The biggest example of this experimenting with tone and thick texture comes with “Confusion Hill” and “Catholic Entries”. The former is an instrumental track that, among all these quickfire blasts, takes its time building. Spare drums set up ringing, impressionistic guitar work that quivers over the bassline, threatening to break into something resembling a hook or a chord progression. Instead, though, the simmer never quite comes to a boil, the guitars just continue to jangle, growing as they go but never breaking into full crescendo. In an album crashing payoff, it’s a wonderful denial of expectation. “Catholic Entries” doesn’t fare quite as well. It’s a mid-album mood piece, full of rumbling toms, echoed vocals, and white-out guitars. It’s another curious turn on the record, one we don’t expect after the controlled chaos of the title track, but it’s also a turn that lasts too long. At over five minutes, it runs out of ideas, even though later “Lights Out Club” maintains its shape over the same running time. The problem on “Catholic Entries” is that it establishes an ominous mood, but that mood stagnates as the guitars snarl and feedback in ways we’ve already heard in more intriguing shapes on other songs.

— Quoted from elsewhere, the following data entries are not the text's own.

lemma polar_closure: "polar d (closure A) = polar d A"
proof
  show "polar d (closure A) \<subseteq> polar d A"
    by (intro polar_antimono closure_subset)
  have "closure A \<subseteq> {v. 1 / (real d * (real d + 1)) \<le> inner u v}" if "u \<in> polar d A" for u
    using that by (intro closure_minimal closed_halfspace_ge) (auto simp: polar_def)
  then show "polar d A \<subseteq> polar d (closure A)"
    by (auto simp: polar_def)
qed

lemma polar_convex_hull: "polar d (convex hull A) = polar d A"
proof
  show "polar d (convex hull A) \<subseteq> polar d A"
    by (intro polar_antimono hull_subset)
  have "convex hull A \<subseteq> {v. 1 / (real d * (real d + 1)) \<le> inner u v}" if "u \<in> polar d A" for u
    using that by (intro hull_minimal convex_halfspace_ge) (auto simp: polar_def)
  then show "polar d A \<subseteq> polar d (convex hull A)"
    by (auto simp: polar_def)
qed

lemma germ_Union_chain:
  assumes "\<C> \<noteq> {}" and chain: "subset.chain {M. germ d M \<and> G \<subseteq> M} \<C>"
  shows "germ d (\<Union>\<C>) \<and> G \<subseteq> \<Union>\<C>"
proof -
  have germs: "germ d X \<and> G \<subseteq> X" if "X \<in> \<C>" for X
    using chain that by (auto simp: subset_chain_def)
  have common: "\<exists>X\<in>\<C>. p \<in> X \<and> s \<in> X" if ps: "p \<in> \<Union>\<C>" "s \<in> \<Union>\<C>" for p s
  proof -
    obtain X Y where "X \<in> \<C>" "p \<in> X" "Y \<in> \<C>" "s \<in> Y"
      using ps by blast
    moreover have "X \<subseteq> Y \<or> Y \<subseteq> X"
      using chain calculation by (simp add: subset_chain_def)
    ultimately show ?thesis
      by blast
  qed
  have "\<Union>\<C> \<subseteq> probSimplex"
    using germs unfolding germ_def by blast
  moreover have "1 / (real d * (real d + 1)) \<le> inner p s \<and> inner p s \<le> 2 / (real d * (real d + 1))"
    if ps: "p \<in> \<Union>\<C>" "s \<in> \<Union>\<C>" for p s
  proof -
    obtain X where "X \<in> \<C>" "p \<in> X" "s \<in> X"
      using common[OF ps] by blast
    then show ?thesis
      using germs unfolding germ_def by blast
  qed
  moreover have "G \<subseteq> \<Union>\<C>"
    using germs assms(1) by blast
  ultimately show ?thesis
    by (simp add: germ_def)
qed
lemma nn_integral_norm_powr_le:
  fixes w :: "'a::euclidean_space" and \<gamma> :: real
  assumes "0 < \<gamma>" "\<gamma> < DIM('a)" "G \<in> sets lborel" "emeasure lborel G < \<infinity>"
  shows "(\<integral>\<^sup>+x. indicator G x * ennreal (norm (x - w) powr -\<gamma>) \<partial>lborel)
    \<le> ennreal (riesz_const DIM('a) \<gamma> * measure lborel G powr ((DIM('a) - \<gamma>) / DIM('a)))"
proof -
  define m where "m = measure lborel G"
  have G: "emeasure lborel G = ennreal m" "0 \<le> m"
    using assms(4) unfolding m_def by (auto intro: emeasure_eq_ennreal_measure)
  show ?thesis
  proof (cases "m = 0")
    case True
    then have "G \<in> null_sets lborel" using G assms(3) by (simp add: null_sets_def)
    then have "(\<integral>\<^sup>+x. indicator G x * ennreal (norm (x - w) powr -\<gamma>) \<partial>lborel) = 0"
      using nn_integral_null_set[OF \<open>G \<in> null_sets lborel\<close>, of "\<lambda>x. ennreal (norm (x - w) powr -\<gamma>)"]
      by (simp add: mult.commute)
    then show ?thesis by simp
  next
    case False
    define r where "r = m powr (1 / DIM('a))"
    have "0 < r" using False G by (simp add: r_def)
    have "m = r powr DIM('a)" using False G by (simp add: r_def powr_powr)
    then have rm: "r powr -\<gamma> * m = r powr (DIM('a) - \<gamma>)"
      by (simp add: powr_add[symmetric])
    have "(\<integral>\<^sup>+x. indicator G x * ennreal (norm (x - w) powr -\<gamma>) \<partial>lborel)
        \<le> ennreal (r powr -\<gamma>) * ennreal m + ennreal ((riesz_const DIM('a) \<gamma> - 1) * r powr (DIM('a) - \<gamma>))"
      using nn_integral_norm_powr_le_dyadic[OF assms(1-3) \<open>0 < r\<close>] G by simp
    also have "\<dots> = ennreal (r powr -\<gamma> * m + (riesz_const DIM('a) \<gamma> - 1) * r powr (DIM('a) - \<gamma>))"
      using riesz_const_ge_1[OF assms(2)] G(2) by (simp add: ennreal_mult ennreal_plus)
    also have "r powr -\<gamma> * m + (riesz_const DIM('a) \<gamma> - 1) * r powr (DIM('a) - \<gamma>)
        = riesz_const DIM('a) \<gamma> * r powr (DIM('a) - \<gamma>)"
      unfolding rm by (simp add: algebra_simps)
    also have "r powr (DIM('a) - \<gamma>) = m powr ((DIM('a) - \<gamma>) / DIM('a))"
      using G by (simp add: r_def powr_powr)
    finally show ?thesis by (simp add: m_def)
  qed
qed

section \<open>Displacing the pole of the Riesz kernel\<close>

lemma nn_integral_norm_powr_pair_le:
  fixes y z :: "'a::euclidean_space" and \<gamma> :: real
  assumes "0 < \<gamma>" "\<gamma> < DIM('a)" "G \<in> sets lborel" "emeasure lborel G < \<infinity>"
  shows "(\<integral>\<^sup>+x. indicator G x * (ennreal (norm (x - y) powr -\<gamma>) + ennreal (norm (x - z) powr -\<gamma>)) \<partial>lborel)
    \<le> ennreal (2 * riesz_const DIM('a) \<gamma> * measure lborel G powr ((DIM('a) - \<gamma>) / DIM('a)))"
proof -
  let ?B = "riesz_const DIM('a) \<gamma> * measure lborel G powr ((DIM('a) - \<gamma>) / DIM('a))"
  have [measurable]: "G \<in> sets borel" using assms(3) by simp
  have "(\<integral>\<^sup>+x. indicator G x * (ennreal (norm (x - y) powr -\<gamma>) + ennreal (norm (x - z) powr -\<gamma>)) \<partial>lborel)
      = (\<integral>\<^sup>+x. indicator G x * ennreal (norm (x - y) powr -\<gamma>) \<partial>lborel)
        + (\<integral>\<^sup>+x. indicator G x * ennreal (norm (x - z) powr -\<gamma>) \<partial>lborel)"
    unfolding distrib_left by (intro nn_integral_add) measurable
  also have "\<dots> \<le> ennreal ?B + ennreal ?B"
    using assms by (intro add_mono nn_integral_norm_powr_le)
  also have "\<dots> = ennreal (2 * ?B)"
    using riesz_const_ge_1[OF assms(2)] by (simp add: ennreal_plus[symmetric] del: ennreal_plus)
  finally show ?thesis by (simp only: mult.assoc)
qed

It’s a sort of noble miss on an album that hits pretty often. The best thing about Midnight Passenger is that it finds Ex-Cult never mistaking being loud for being noisy. These songs are furious and probably deafening live. But on record, Ex-Cult lets the elements of the songs and the feel of distortion, bass, drums, and vocals do their own work. You get the force of these songs at any volume, and the parts don’t get drowned out in clustered-up noise. No, this is a sharpened sound on Midnight Passenger, and a sign that this is a band on the rise.